I was approaching the workshop from two points of view. First, to learn what’s interesting scientifically – that worked wonderfully, but is highly subjective so I’ll skip that part for now (plus, I just saw a very nice writeup by Steve Ridgeway which we could ask him to post here).
But I was also there to understand where software in boutique surveys is going over the next 5-10 years (and what large projects can do to help and/or benefit). Some musings on the latter:
-
There’s an explosion (pun intended) of synoptic surveys for time-domain astronomy. Technological improvements and “COTS-ification” of really good hardware have done wonders — cheap CCDs, lenses, networking, disks space, computing, etc. But I worry that improvements in data reduction pipelines are not keeping pace.

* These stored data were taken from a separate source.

(* Let $I\ge1$, let $u_0,\dots,u_{I-1}\ge 0$, $c_0,\dots,c_{I-1}\ge0$, $u_I,c_I\in\mathbb R$, $k_0,\dots,k_{I-1}>0$, and let $(S_I(t))_{t\ge0}$ be an arbitrary real-valued process. Set $X_I(t)=u_I+c_It-S_I(t)$, $L_I(t)=-\min(\inf_{s\le t}X_I(s),0)$, and recursively for $i=I-1,I-2,\dots,0$: $$Y_i(t)=u_i+c_it-k_iL_{i+1}(t),\qquad L_i(t)=-\min\Big(\inf_{s\le t}Y_i(s),0\Big)\ (i\ge1).$$ Let $\tau_0=\inf\{t\ge0:Y_0(t)<0\}$. Define $$U=\sum_{i=0}^{I}\frac{u_i}{k_i k_{i+1}\cdots k_{I-1}},\qquad C=\sum_{i=0}^{I}\frac{c_i}{k_ik_{i+1}\cdots k_{I-1}}$$ (the empty product for $i=I$ being $1$). Then $\tau_0=\inf\{t\ge0: U+Ct-S_I(t)<0\}$ pathwise; consequently for all $t>0$, $$P(\tau_0<t)=\Psi_I\Big(t;\ \tfrac{u_0}{k_0\cdots k_{I-1}}+\tfrac{u_1}{k_1\cdots k_{I-1}}+\dots+u_I,\ \tfrac{c_0}{k_0\cdots k_{I-1}}+\tfrac{c_1}{k_1\cdots k_{I-1}}+\dots+c_I\Big),$$ where $\Psi_I(t;u,c)=P(\inf\{s\ge0:u+cs-S_I(s)<0\}<t)$ is the finite-time ruin probability of the last subsidiary in the chain with initial reserve $u$ and premium rate $c$.
   Context: Linear (hierarchical) chain of central branches $X_0,\dots,X_{I-1}$, each a deterministic drift $u_i+c_it$ in isolation; branch $i$ bails out branch $i+1$ by minimal regulation, paying proportional cost $k_i$ per unit of bail-out. $Y_i$ is the (unregulated) reserve of branch $i$ after its bail-out payments, $L_i$ its bail-out regulator, and the ruin of the network is the ruin time $\tau_0$ of the top branch $X_0$. *)

theory Defs
  imports "HOL-Probability.Probability"
begin

text \<open>Running infimum over [0,t] (in the extended reals, so that it is
always well defined for an arbitrary path).\<close>
definition run_inf :: "(real \<Rightarrow> ereal) \<Rightarrow> real \<Rightarrow> ereal" where
  "run_inf f t = (INF s\<in>{0..t}. f s)"

definition regulator :: "(real \<Rightarrow> ereal) \<Rightarrow> real \<Rightarrow> ereal" where
  "regulator f t = - min (run_inf f t) 0"

text \<open>Ruin time inf{t >= 0 : f t < 0}, with inf of the empty set = infinity.\<close>
definition ruin_time :: "(real \<Rightarrow> ereal) \<Rightarrow> ereal" where
  "ruin_time f = (INF t\<in>{t. 0 \<le> t \<and> f t < 0}. ereal t)"

definition branch_Y :: "(nat \<Rightarrow> real) \<Rightarrow> (nat \<Rightarrow> real) \<Rightarrow> (nat \<Rightarrow> real) \<Rightarrow> nat
    \<Rightarrow> (real \<Rightarrow> ereal) \<Rightarrow> real \<Rightarrow> ereal" where
  "branch_Y u c k i Lnext t = ereal (u i + c i * t) - ereal (k i) * Lnext t"

text \<open>bail_L I u c k S m is the regulator L_{I-m} (for m <= I-1):
  L_I is the regulator of X_I(t) = u_I + c_I t - S(t), and
  L_i is the regulator of Y_i for 1 <= i < I.\<close>
fun bail_L :: "nat \<Rightarrow> (nat \<Rightarrow> real) \<Rightarrow> (nat \<Rightarrow> real) \<Rightarrow> (nat \<Rightarrow> real)
    \<Rightarrow> (real \<Rightarrow> real) \<Rightarrow> nat \<Rightarrow> real \<Rightarrow> ereal" where
  "bail_L I u c k S 0 = regulator (\<lambda>t. ereal (u I + c I * t - S t))"
| "bail_L I u c k S (Suc m) =
     regulator (branch_Y u c k (I - Suc m) (bail_L I u c k S m))"

definition top_Y :: "nat \<Rightarrow> (nat \<Rightarrow> real) \<Rightarrow> (nat \<Rightarrow> real) \<Rightarrow> (nat \<Rightarrow> real)
    \<Rightarrow> (real \<Rightarrow> real) \<Rightarrow> real \<Rightarrow> ereal" where
  "top_Y I u c k S = branch_Y u c k 0 (bail_L I u c k S (I - 1))"

definition finite_time_ruin_prob :: "'w measure \<Rightarrow> ('w \<Rightarrow> real \<Rightarrow> real)
    \<Rightarrow> real \<Rightarrow> real \<Rightarrow> real \<Rightarrow> real" where
  "finite_time_ruin_prob M S t u c =
     measure M {\<omega>\<in>space M. ruin_time (\<lambda>s. ereal (u + c * s - S \<omega> s)) < ereal t}"

end

theory Submission
  imports Defs
begin

text \<open>Minimal regulation has a simple threshold description: the regulator of a path exceeds
  a level \<open>b \<ge> 0\<close> at time \<open>t\<close> iff the path has gone below \<open>-b\<close> before \<open>t\<close>. Bailing out a branch
  whose regulator is that of a real path \<open>W\<close> therefore costs its parent exactly as much as
  if the parent simply owned the merged reserve \<open>u + c s + k W(s)\<close> (this uses
  \<open>u, c \<ge> 0\<close>: the parent's own reserve is smallest at the start of any time interval). By induction down the
  chain, the regulator of each branch is the regulator of its merged reserve, and the top
  branch is ruined exactly when the fully merged reserve, a positive multiple of
  \<open>U + C t - S(t)\<close>, goes negative.\<close>

lemma regulator_greater_iff:
  assumes "b \<ge> 0"
  shows "ereal b < regulator f t \<longleftrightarrow> (\<exists>s\<in>{0..t}. f s < ereal (- b))"
proof -
  have "ereal b < regulator f t \<longleftrightarrow> run_inf f t < ereal (- b)"
    unfolding regulator_def using assms
    by (cases "run_inf f t") (auto simp: min_def ereal_uminus_less_reorder)
  also have "\<dots> \<longleftrightarrow> (\<exists>s\<in>{0..t}. f s < ereal (- b))"
    unfolding run_inf_def by (simp add: INF_less_iff)
  finally show ?thesis .
qed

lemma regulator_nonneg: "0 \<le> regulator f t"
  by (simp add: regulator_def)

lemma regulator_eqI:
  assumes "\<And>b t. b \<ge> 0 \<Longrightarrow>
      (\<exists>s\<in>{0..t}. f s < ereal (- b)) \<longleftrightarrow> (\<exists>s\<in>{0..t}. g s < ereal (- b))"
  shows "regulator f = regulator g"
proof
  fix t
  have le: "regulator f' t \<le> regulator g' t"
    if greater_iff: "\<And>b. b \<ge> 0 \<Longrightarrow> ereal b < regulator f' t \<longleftrightarrow> ereal b < regulator g' t"
    for f' g'
  proof (rule ccontr)
    assume "\<not> regulator f' t \<le> regulator g' t"
    then have "regulator g' t < regulator f' t"
      by simp
    then obtain b where b: "regulator g' t < ereal b" "ereal b < regulator f' t"
      using ereal_dense2 by blast
    have "b \<ge> 0"
      using le_less_trans[OF regulator_nonneg b(1)] by simp
    then show False
      using b greater_iff[of b] by simp
  qed
  have "ereal b < regulator f t \<longleftrightarrow> ereal b < regulator g t" if "b \<ge> 0" for b
    using assms[OF that] by (simp add: regulator_greater_iff[OF that])
  then have "regulator f t \<le> regulator g t" "regulator g t \<le> regulator f t"
    by (auto intro: le)
  then show "regulator f t = regulator g t"
    by (rule antisym)
qed

lemma branch_Y_less_iff:
  assumes "k i > 0"
  shows "branch_Y u c k i L t < ereal (- b) \<longleftrightarrow> ereal ((u i + c i * t + b) / k i) < L t"
proof (cases "L t")
  case (real l)
  have "u i + c i * t - k i * l < - b \<longleftrightarrow> (u i + c i * t + b) / k i < l"
    using assms by (simp add: field_simps)
  then show ?thesis using real by (simp add: branch_Y_def)
qed (use assms in \<open>simp_all add: branch_Y_def\<close>)

lemma branch_Y_regulator_less_iff:
  assumes "k i > 0" "u i \<ge> 0" "c i \<ge> 0" "t \<ge> 0" "b \<ge> 0"
  shows "branch_Y u c k i (regulator (\<lambda>s. ereal (W s))) t < ereal (- b)
     \<longleftrightarrow> (\<exists>s\<in>{0..t}. u i + c i * t + k i * W s < - b)"
proof -
  have threshold_nonneg: "(u i + c i * t + b) / k i \<ge> 0"
    using assms by simp
  have "ereal (W s) < ereal (- ((u i + c i * t + b) / k i))
      \<longleftrightarrow> u i + c i * t + k i * W s < - b" for s
    using assms(1) by (simp add: field_simps)
  then show ?thesis
    using assms(1) by (simp only: branch_Y_less_iff regulator_greater_iff[OF threshold_nonneg])
qed

lemma regulator_branch_Y:
  assumes "k i > 0" "u i \<ge> 0" "c i \<ge> 0"
  shows "regulator (branch_Y u c k i (regulator (\<lambda>s. ereal (W s))))
     = regulator (\<lambda>s. ereal (u i + c i * s + k i * W s))"
proof (rule regulator_eqI)
  fix b t :: real
  assume b: "b \<ge> 0"
  have "(\<exists>t'\<in>{0..t}. \<exists>s\<in>{0..t'}. u i + c i * t' + k i * W s < - b)
     \<longleftrightarrow> (\<exists>s\<in>{0..t}. u i + c i * s + k i * W s < - b)"
  proof
    assume "\<exists>t'\<in>{0..t}. \<exists>s\<in>{0..t'}. u i + c i * t' + k i * W s < - b"
    then obtain t' s where "t' \<in> {0..t}" "s \<in> {0..t'}" "u i + c i * t' + k i * W s < - b"
      by blast
    moreover from this have "c i * s \<le> c i * t'"
      using assms(3) by (simp add: mult_left_mono)
    ultimately show "\<exists>s\<in>{0..t}. u i + c i * s + k i * W s < - b"
      by (intro bexI[of _ s]) auto
  qed fastforce
  then show "(\<exists>s\<in>{0..t}. branch_Y u c k i (regulator (\<lambda>s. ereal (W s))) s < ereal (- b))
     \<longleftrightarrow> (\<exists>s\<in>{0..t}. ereal (u i + c i * s + k i * W s) < ereal (- b))"
    using assms b by (auto simp: branch_Y_regulator_less_iff algebra_simps)
qed

lemma ruin_time_eqI:
  assumes "\<And>t. t \<ge> 0 \<Longrightarrow> f t < 0 \<Longrightarrow> \<exists>s\<in>{0..t}. g s < 0"
    and "\<And>t. t \<ge> 0 \<Longrightarrow> g t < 0 \<Longrightarrow> f t < 0"
  shows "ruin_time f = ruin_time g"
  unfolding ruin_time_def
proof (rule antisym)
  show "(INF t\<in>{t. 0 \<le> t \<and> f t < 0}. ereal t) \<le> (INF t\<in>{t. 0 \<le> t \<and> g t < 0}. ereal t)"
    by (rule INF_superset_mono) (use assms(2) in auto)
next
  show "(INF t\<in>{t. 0 \<le> t \<and> g t < 0}. ereal t) \<le> (INF t\<in>{t. 0 \<le> t \<and> f t < 0}. ereal t)"
  proof (rule INF_greatest)
    fix t assume "t \<in> {t. 0 \<le> t \<and> f t < 0}"
    then obtain s where s: "s \<in> {0..t}" "g s < 0"
      using assms(1) by blast
    then have "(INF t\<in>{t. 0 \<le> t \<and> g t < 0}. ereal t) \<le> ereal s"
      by (intro INF_lower) auto
    also have "\<dots> \<le> ereal t" using s by simp
    finally show "(INF t\<in>{t. 0 \<le> t \<and> g t < 0}. ereal t) \<le> ereal t" .
  qed
qed

lemma ruin_time_branch_Y:
  assumes "k i > 0" "u i \<ge> 0" "c i \<ge> 0"
  shows "ruin_time (branch_Y u c k i (regulator (\<lambda>s. ereal (W s))))
     = ruin_time (\<lambda>s. ereal (u i + c i * s + k i * W s))"
proof (rule ruin_time_eqI)
  fix t :: real
  assume t: "t \<ge> 0"
  note less_iff = branch_Y_regulator_less_iff[where u = u and c = c and k = k and b = 0 and W = W,
      OF assms t order_refl]
  show "\<exists>s\<in>{0..t}. ereal (u i + c i * s + k i * W s) < 0"
    if "branch_Y u c k i (regulator (\<lambda>s. ereal (W s))) t < 0"
  proof -
    have "\<exists>s\<in>{0..t}. u i + c i * t + k i * W s < 0"
      using that less_iff by (simp add: zero_ereal_def)
    then obtain s where "s \<in> {0..t}" "u i + c i * t + k i * W s < 0"
      by blast
    moreover from this have "c i * s \<le> c i * t"
      using assms(3) by (simp add: mult_left_mono)
    ultimately show ?thesis by (intro bexI[of _ s]) auto
  qed
  show "branch_Y u c k i (regulator (\<lambda>s. ereal (W s))) t < 0"
    if "ereal (u i + c i * t + k i * W t) < 0"
  proof -
    have "\<exists>s\<in>{0..t}. u i + c i * t + k i * W s < 0"
      using that t by (intro bexI[of _ t]) auto
    then show ?thesis
      using less_iff by (simp add: zero_ereal_def)
  qed
qed

lemma ruin_time_scale:
  assumes "a > 0"
  shows "ruin_time (\<lambda>s. ereal (a * f s)) = ruin_time (\<lambda>s. ereal (f s))"
  using assms by (simp add: ruin_time_def mult_less_0_iff)

text \<open>\<open>merged_reserve I u c k S m\<close> is the reserve of branch \<open>I - m\<close> after absorbing all
  branches below it, with one unit of loss of branch \<open>i + 1\<close> costing \<open>k i\<close> units of branch \<open>i\<close>.\<close>

fun merged_reserve :: "nat \<Rightarrow> (nat \<Rightarrow> real) \<Rightarrow> (nat \<Rightarrow> real) \<Rightarrow> (nat \<Rightarrow> real)
    \<Rightarrow> (real \<Rightarrow> real) \<Rightarrow> nat \<Rightarrow> real \<Rightarrow> real" where
  "merged_reserve I u c k S 0 s = u I + c I * s - S s"
| "merged_reserve I u c k S (Suc m) s =
     u (I - Suc m) + c (I - Suc m) * s + k (I - Suc m) * merged_reserve I u c k S m s"

lemma bail_L_eq_regulator_merged_reserve:
  assumes "m < I"
    and "\<And>i. i < I \<Longrightarrow> u i \<ge> 0" "\<And>i. i < I \<Longrightarrow> c i \<ge> 0" "\<And>i. i < I \<Longrightarrow> k i > 0"
  shows "bail_L I u c k S m = regulator (\<lambda>s. ereal (merged_reserve I u c k S m s))"
  using assms(1)
proof (induction m)
  case 0
  then show ?case by simp
next
  case (Suc m)
  then show ?case
    using assms(2-4)[of "I - Suc m"] by (simp add: regulator_branch_Y)
qed

lemma merged_reserve_closed_form:
  assumes "m \<le> I" "\<And>i. i < I \<Longrightarrow> k i > 0"
  shows "merged_reserve I u c k S m s = (\<Prod>j\<in>{I-m..<I}. k j) *
     ((\<Sum>i\<in>{I-m..I}. (u i + c i * s) / (\<Prod>j\<in>{i..<I}. k j)) - S s)"
  using assms(1)
proof (induction m)
  case 0
  then show ?case by simp
next
  case (Suc m)
  define i where "i = I - Suc m"
  have i: "i < I" "I - m = Suc i" "I - Suc m = i"
    using Suc.prems i_def by auto
  define P where "P = (\<Prod>j\<in>{Suc i..<I}. k j)"
  define R where "R = (\<Sum>l\<in>{Suc i..I}. (u l + c l * s) / (\<Prod>j\<in>{l..<I}. k j))"
  have prod_split: "(\<Prod>j\<in>{i..<I}. k j) = k i * P"
    using i by (simp add: P_def prod.atLeast_Suc_lessThan)
  have sum_split: "(\<Sum>l\<in>{i..I}. (u l + c l * s) / (\<Prod>j\<in>{l..<I}. k j))
      = (u i + c i * s) / (k i * P) + R"
    using i by (simp add: R_def prod_split sum.atLeast_Suc_atMost)
  have "k i > 0" "P > 0"
    unfolding P_def using assms(2) i by (auto intro: prod_pos)
  have "merged_reserve I u c k S (Suc m) s = u i + c i * s + k i * (P * (R - S s))"
    using Suc by (simp add: i P_def R_def)
  also have "\<dots> = (k i * P) * ((u i + c i * s) / (k i * P) + R - S s)"
    using \<open>k i > 0\<close> \<open>P > 0\<close> by (simp add: field_simps)
  finally show ?case
    by (simp add: i prod_split sum_split)
qed

theorem mainTheorem3:
  fixes I :: nat and u c k :: "nat \<Rightarrow> real"
    and M :: "'w measure" and S :: "'w \<Rightarrow> real \<Rightarrow> real"
  assumes "I \<ge> 1"
    and "\<And>i. i < I \<Longrightarrow> u i \<ge> 0"
    and "\<And>i. i < I \<Longrightarrow> c i \<ge> 0"
    and "\<And>i. i < I \<Longrightarrow> k i > 0"
    and "prob_space M"
    and "\<And>s. (\<lambda>\<omega>. S \<omega> s) \<in> borel_measurable M"
  defines "U \<equiv> (\<Sum>i\<le>I. u i / (\<Prod>j\<in>{i..<I}. k j))"
    and "C \<equiv> (\<Sum>i\<le>I. c i / (\<Prod>j\<in>{i..<I}. k j))"
  shows "(\<forall>\<omega>. ruin_time (top_Y I u c k (S \<omega>))
                = ruin_time (\<lambda>t. ereal (U + C * t - S \<omega> t)))
       \<and> (\<forall>t>0. measure M {\<omega>\<in>space M. ruin_time (top_Y I u c k (S \<omega>)) < ereal t}
                = finite_time_ruin_prob M S t U C)"
proof -
  have UC: "U + C * s = (\<Sum>i\<in>{0..I}. (u i + c i * s) / (\<Prod>j\<in>{i..<I}. k j))" for s
    unfolding U_def C_def atLeast0AtMost
    by (simp add: sum_distrib_right add_divide_distrib sum.distrib)
  have top_merged: "merged_reserve I u c k S' I s
      = u 0 + c 0 * s + k 0 * merged_reserve I u c k S' (I - 1) s" for S' s
    using assms(1) by (cases I) auto
  have scale_pos: "(\<Prod>j\<in>{0..<I}. k j) > 0"
    using assms(4) by (intro prod_pos) auto
  have path: "ruin_time (top_Y I u c k (S \<omega>)) = ruin_time (\<lambda>t. ereal (U + C * t - S \<omega> t))"
    for \<omega>
  proof -
    have "top_Y I u c k (S \<omega>)
        = branch_Y u c k 0 (regulator (\<lambda>s. ereal (merged_reserve I u c k (S \<omega>) (I - 1) s)))"
      using assms(1-4) by (simp add: top_Y_def bail_L_eq_regulator_merged_reserve)
    then have "ruin_time (top_Y I u c k (S \<omega>))
        = ruin_time (\<lambda>s. ereal (merged_reserve I u c k (S \<omega>) I s))"
      using assms(1) assms(2-4)[of 0] by (simp add: ruin_time_branch_Y top_merged)
    also have "\<dots> = ruin_time (\<lambda>t. ereal (U + C * t - S \<omega> t))"
      using assms(4) scale_pos
      by (simp add: merged_reserve_closed_form UC ruin_time_scale)
    finally show ?thesis .
  qed
  then show ?thesis
    unfolding finite_time_ruin_prob_def by simp
qed

end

Though the talks, I decided to keep track of who’s doing what wrt. data processing. I started distilling it into a spreadsheet (screenshot attached; still very rough). I’ll expand into something more accurate/complete over the next few days and put somewhere on a website with a lot more detail. A few observations about this:
-
Most (~60% or so!) surveys mentioned use SExtractor in one way or another (see the attached screenshot). Anecdotally, this is what I expected, but it was still striking to see it in the data. SExtractor (and the AstroMatic suite) are the “COTS” (ok, “OTS”) science pipelines of astronomy. The corollary is that improvements to SExtractor (or SExtractor ~drop-in replacement) would probably “lift all boats” across the board when it comes to small projects (but see obsv #4, below). On the less bright side, it’s risky for the community to depend on one package that much (that is very close to “bus factor” of 1).
-
The use of SExtractor vs. something else correlates with the cost of the survey. Small surveys prefer off-the-shelf, familiar, stuff; they can’t afford to spend much on data management (or at least perceive that to be the right tradeoff vs. hardware). This is, again, unsurprising, though I think skimping on data reduction may become more costly than doing it right ([citation needed]).
-
Still, a lot of money is going into software+algorithm development for large surveys/telescopes. But, worryingly, there’s no “trickle-down” of improved software back into the “boutique” community (and “boutique” these days is surveying full visible sky, down to 16th mag, w. 2-minute exposures, continuously). E.g., Photo, IPP, PTFIDE, etc., have seen little use beyond their parent surveys, though in some ways they’re much stronger than SExtractor. Image differencing (and coaddition) is in a generally pretty sorry state out there. And techniques like ubercal are not being talked about.
My hypothesis is that this is because the larger projects tend to (by default) be relatively myopic about the broader impact their data reduction software can have. On one hand, the funding agencies (justifiably) worry about scope creep, so generalization for “community use” is difficult to justify. On the other, in chasing 10x better results, we sometimes lose sight of what we already have — for the majority of people out there, even 20% would already be phenomenal.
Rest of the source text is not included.